- **Directions**
Tell how many lines of the data include the word "this". Nothing but the number belongs in the answer.

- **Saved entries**
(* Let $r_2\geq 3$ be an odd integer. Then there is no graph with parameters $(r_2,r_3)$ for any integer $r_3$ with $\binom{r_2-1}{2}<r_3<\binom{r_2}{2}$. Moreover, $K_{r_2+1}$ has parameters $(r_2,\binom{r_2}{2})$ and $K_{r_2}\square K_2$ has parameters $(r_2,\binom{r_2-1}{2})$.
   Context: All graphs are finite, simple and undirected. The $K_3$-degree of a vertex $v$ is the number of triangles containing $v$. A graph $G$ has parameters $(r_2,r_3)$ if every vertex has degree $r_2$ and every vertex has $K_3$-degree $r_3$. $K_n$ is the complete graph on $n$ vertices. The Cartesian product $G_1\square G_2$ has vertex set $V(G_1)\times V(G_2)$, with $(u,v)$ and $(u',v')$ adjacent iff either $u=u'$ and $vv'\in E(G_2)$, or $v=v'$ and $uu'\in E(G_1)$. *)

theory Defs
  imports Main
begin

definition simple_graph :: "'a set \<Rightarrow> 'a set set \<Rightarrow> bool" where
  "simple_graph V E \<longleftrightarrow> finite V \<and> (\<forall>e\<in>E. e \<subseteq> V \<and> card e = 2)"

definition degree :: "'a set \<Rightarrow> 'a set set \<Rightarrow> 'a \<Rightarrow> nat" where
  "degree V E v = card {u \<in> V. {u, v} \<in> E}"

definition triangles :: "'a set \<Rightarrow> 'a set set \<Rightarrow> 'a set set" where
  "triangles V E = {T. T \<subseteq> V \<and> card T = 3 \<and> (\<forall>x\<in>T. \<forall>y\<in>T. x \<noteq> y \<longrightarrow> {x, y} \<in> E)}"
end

* * *

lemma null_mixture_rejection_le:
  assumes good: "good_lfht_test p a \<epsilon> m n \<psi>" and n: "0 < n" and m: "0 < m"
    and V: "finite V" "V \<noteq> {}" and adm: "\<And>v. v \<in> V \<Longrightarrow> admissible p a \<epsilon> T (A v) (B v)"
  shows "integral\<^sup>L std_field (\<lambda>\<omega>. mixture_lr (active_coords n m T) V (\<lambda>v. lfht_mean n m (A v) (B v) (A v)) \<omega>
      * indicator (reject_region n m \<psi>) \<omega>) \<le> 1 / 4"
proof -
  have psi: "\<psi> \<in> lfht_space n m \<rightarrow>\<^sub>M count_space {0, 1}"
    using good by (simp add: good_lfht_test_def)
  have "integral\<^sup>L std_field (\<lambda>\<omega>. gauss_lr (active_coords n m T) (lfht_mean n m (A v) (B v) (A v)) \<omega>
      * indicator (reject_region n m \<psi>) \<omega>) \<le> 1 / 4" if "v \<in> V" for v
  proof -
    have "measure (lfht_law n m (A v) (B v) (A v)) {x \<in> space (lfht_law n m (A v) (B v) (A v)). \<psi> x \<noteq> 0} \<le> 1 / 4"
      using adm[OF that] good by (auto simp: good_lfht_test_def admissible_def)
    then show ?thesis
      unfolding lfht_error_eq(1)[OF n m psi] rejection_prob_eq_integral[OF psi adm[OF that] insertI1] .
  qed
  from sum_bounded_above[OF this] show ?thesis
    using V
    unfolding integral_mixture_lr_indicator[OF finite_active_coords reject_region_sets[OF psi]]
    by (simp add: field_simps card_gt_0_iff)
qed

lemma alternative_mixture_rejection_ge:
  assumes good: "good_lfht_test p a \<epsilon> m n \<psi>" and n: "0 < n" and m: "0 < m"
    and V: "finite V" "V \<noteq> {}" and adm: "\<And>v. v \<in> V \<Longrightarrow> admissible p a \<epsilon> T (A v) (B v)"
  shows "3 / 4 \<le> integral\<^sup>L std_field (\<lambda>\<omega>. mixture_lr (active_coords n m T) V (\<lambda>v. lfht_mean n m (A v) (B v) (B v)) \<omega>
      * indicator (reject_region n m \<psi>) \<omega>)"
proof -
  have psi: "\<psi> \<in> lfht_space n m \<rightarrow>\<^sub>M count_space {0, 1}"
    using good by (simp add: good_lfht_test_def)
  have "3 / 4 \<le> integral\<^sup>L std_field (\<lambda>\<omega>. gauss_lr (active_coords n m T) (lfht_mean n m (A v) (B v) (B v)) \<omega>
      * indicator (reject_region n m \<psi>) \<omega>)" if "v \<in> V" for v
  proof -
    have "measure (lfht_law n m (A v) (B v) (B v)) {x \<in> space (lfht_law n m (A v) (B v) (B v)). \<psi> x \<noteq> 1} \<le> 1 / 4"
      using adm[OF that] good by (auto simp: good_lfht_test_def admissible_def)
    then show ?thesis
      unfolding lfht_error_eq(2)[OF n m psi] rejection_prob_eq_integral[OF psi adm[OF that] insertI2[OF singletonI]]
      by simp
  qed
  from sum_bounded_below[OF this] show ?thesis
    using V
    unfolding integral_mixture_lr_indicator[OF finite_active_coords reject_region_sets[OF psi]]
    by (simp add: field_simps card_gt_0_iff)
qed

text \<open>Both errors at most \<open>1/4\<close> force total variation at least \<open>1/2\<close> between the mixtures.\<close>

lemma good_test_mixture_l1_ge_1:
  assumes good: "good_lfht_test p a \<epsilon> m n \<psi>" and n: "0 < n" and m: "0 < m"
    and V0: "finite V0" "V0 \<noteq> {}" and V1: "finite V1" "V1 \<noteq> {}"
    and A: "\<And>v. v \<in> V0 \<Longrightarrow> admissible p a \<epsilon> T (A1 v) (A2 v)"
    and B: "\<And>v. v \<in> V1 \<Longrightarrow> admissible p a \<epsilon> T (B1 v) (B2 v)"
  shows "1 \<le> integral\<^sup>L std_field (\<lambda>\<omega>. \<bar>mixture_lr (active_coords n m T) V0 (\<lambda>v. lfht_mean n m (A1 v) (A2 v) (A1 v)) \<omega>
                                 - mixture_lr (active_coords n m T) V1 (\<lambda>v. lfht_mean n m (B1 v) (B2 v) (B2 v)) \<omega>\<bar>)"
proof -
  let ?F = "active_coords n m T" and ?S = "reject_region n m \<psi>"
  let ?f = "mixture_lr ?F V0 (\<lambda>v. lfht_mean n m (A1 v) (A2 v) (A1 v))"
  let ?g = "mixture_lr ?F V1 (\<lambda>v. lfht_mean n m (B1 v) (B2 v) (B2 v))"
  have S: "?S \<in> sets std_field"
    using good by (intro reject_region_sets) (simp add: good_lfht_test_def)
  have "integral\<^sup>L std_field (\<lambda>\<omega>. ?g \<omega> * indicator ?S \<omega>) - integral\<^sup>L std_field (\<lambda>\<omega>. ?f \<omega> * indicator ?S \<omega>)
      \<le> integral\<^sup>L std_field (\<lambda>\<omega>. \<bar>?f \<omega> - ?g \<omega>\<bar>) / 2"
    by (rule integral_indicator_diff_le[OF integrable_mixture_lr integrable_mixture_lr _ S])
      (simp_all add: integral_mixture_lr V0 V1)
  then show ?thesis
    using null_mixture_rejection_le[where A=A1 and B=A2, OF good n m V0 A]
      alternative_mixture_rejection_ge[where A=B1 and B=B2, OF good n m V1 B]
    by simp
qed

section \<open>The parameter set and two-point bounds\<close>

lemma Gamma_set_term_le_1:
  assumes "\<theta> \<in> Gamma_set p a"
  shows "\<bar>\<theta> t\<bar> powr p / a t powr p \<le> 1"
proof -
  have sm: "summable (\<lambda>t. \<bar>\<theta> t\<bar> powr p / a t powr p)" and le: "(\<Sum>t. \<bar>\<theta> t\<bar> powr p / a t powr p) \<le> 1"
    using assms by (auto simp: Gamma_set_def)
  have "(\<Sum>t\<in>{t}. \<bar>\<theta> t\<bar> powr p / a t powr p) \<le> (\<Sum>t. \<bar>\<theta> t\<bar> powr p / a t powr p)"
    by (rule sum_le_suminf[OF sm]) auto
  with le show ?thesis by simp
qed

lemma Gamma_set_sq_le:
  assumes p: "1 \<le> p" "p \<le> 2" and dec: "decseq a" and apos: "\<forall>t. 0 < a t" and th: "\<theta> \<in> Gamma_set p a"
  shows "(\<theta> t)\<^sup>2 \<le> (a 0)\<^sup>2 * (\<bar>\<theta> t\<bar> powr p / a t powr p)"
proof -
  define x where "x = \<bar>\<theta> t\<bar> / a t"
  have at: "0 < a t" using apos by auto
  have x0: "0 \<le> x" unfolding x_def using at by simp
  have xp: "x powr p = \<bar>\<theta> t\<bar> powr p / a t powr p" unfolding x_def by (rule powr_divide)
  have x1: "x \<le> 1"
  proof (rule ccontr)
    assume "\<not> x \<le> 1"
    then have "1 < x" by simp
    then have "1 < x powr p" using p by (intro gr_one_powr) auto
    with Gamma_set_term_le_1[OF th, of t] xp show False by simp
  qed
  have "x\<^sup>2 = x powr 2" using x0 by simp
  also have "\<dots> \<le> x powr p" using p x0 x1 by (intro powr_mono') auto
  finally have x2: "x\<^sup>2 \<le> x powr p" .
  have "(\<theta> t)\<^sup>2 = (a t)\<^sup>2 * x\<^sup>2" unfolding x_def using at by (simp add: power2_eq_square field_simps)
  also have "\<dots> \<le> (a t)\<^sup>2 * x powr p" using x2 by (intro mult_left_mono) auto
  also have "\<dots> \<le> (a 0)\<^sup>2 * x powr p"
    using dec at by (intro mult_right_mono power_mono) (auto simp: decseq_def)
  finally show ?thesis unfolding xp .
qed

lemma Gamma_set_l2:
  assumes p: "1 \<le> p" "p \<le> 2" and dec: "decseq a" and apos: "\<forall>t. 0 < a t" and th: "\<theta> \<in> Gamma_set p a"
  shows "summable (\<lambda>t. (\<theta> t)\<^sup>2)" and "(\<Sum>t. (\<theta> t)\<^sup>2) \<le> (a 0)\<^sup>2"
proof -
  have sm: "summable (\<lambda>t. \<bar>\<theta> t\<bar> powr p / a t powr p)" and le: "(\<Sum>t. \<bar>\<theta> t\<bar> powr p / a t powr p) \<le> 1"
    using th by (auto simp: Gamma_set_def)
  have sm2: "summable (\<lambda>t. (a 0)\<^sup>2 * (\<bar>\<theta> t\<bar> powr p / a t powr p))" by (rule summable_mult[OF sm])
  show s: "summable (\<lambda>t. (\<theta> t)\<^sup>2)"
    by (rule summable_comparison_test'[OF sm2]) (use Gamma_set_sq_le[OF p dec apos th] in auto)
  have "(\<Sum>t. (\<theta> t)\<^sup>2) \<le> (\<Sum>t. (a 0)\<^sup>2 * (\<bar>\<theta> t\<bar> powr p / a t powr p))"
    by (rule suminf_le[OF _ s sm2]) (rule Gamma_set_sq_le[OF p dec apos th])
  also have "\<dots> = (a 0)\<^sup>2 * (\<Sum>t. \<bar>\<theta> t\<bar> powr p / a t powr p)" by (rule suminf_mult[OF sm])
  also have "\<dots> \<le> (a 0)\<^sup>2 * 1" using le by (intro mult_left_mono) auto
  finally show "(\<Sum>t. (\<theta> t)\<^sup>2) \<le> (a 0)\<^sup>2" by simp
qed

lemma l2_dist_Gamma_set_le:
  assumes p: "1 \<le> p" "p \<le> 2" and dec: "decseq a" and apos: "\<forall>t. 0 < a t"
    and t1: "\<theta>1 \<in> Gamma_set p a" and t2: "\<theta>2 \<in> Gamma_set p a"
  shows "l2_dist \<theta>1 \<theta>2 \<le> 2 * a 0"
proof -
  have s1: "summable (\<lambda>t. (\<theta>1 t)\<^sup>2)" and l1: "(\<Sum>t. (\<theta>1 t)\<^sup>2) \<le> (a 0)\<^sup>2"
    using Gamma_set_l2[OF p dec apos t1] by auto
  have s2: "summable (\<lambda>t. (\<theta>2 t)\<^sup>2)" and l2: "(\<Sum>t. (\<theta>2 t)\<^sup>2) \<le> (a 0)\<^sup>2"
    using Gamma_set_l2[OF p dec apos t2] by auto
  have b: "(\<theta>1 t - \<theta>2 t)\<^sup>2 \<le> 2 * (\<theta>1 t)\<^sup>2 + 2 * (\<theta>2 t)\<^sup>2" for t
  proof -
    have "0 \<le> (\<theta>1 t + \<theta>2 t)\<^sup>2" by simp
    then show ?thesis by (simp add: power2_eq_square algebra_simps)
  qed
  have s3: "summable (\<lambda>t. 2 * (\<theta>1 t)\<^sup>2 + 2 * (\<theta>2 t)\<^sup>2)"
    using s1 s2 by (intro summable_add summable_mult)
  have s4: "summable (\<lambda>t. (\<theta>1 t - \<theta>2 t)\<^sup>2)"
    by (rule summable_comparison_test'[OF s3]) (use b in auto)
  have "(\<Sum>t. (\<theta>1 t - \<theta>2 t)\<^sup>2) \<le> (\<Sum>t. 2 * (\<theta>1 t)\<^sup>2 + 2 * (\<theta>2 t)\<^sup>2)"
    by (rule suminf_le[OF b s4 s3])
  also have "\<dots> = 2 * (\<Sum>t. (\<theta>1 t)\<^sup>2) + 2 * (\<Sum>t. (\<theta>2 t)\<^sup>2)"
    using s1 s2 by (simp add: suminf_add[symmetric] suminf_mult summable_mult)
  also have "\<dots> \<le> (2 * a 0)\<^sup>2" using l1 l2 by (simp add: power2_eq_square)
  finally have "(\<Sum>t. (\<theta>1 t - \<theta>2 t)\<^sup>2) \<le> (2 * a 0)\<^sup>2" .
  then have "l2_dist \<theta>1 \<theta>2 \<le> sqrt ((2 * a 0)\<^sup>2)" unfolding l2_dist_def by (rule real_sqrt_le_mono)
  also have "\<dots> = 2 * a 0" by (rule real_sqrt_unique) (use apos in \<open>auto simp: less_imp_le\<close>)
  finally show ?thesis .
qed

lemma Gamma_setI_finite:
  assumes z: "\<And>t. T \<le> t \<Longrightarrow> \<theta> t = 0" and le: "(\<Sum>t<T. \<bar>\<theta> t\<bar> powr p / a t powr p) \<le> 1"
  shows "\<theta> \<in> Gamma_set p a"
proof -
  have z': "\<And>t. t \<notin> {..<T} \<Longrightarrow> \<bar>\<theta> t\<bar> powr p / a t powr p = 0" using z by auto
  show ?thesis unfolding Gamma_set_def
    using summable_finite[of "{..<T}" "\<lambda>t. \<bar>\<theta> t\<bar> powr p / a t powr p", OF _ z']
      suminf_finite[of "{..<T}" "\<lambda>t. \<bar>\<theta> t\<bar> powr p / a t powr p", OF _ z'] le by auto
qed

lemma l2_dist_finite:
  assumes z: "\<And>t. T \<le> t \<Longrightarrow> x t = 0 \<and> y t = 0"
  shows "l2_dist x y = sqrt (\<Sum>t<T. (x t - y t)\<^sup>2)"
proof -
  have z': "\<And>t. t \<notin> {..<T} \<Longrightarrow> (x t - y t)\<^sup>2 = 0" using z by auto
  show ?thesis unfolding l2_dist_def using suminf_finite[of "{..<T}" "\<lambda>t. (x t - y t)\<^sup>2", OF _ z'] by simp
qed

- **Completed task**
2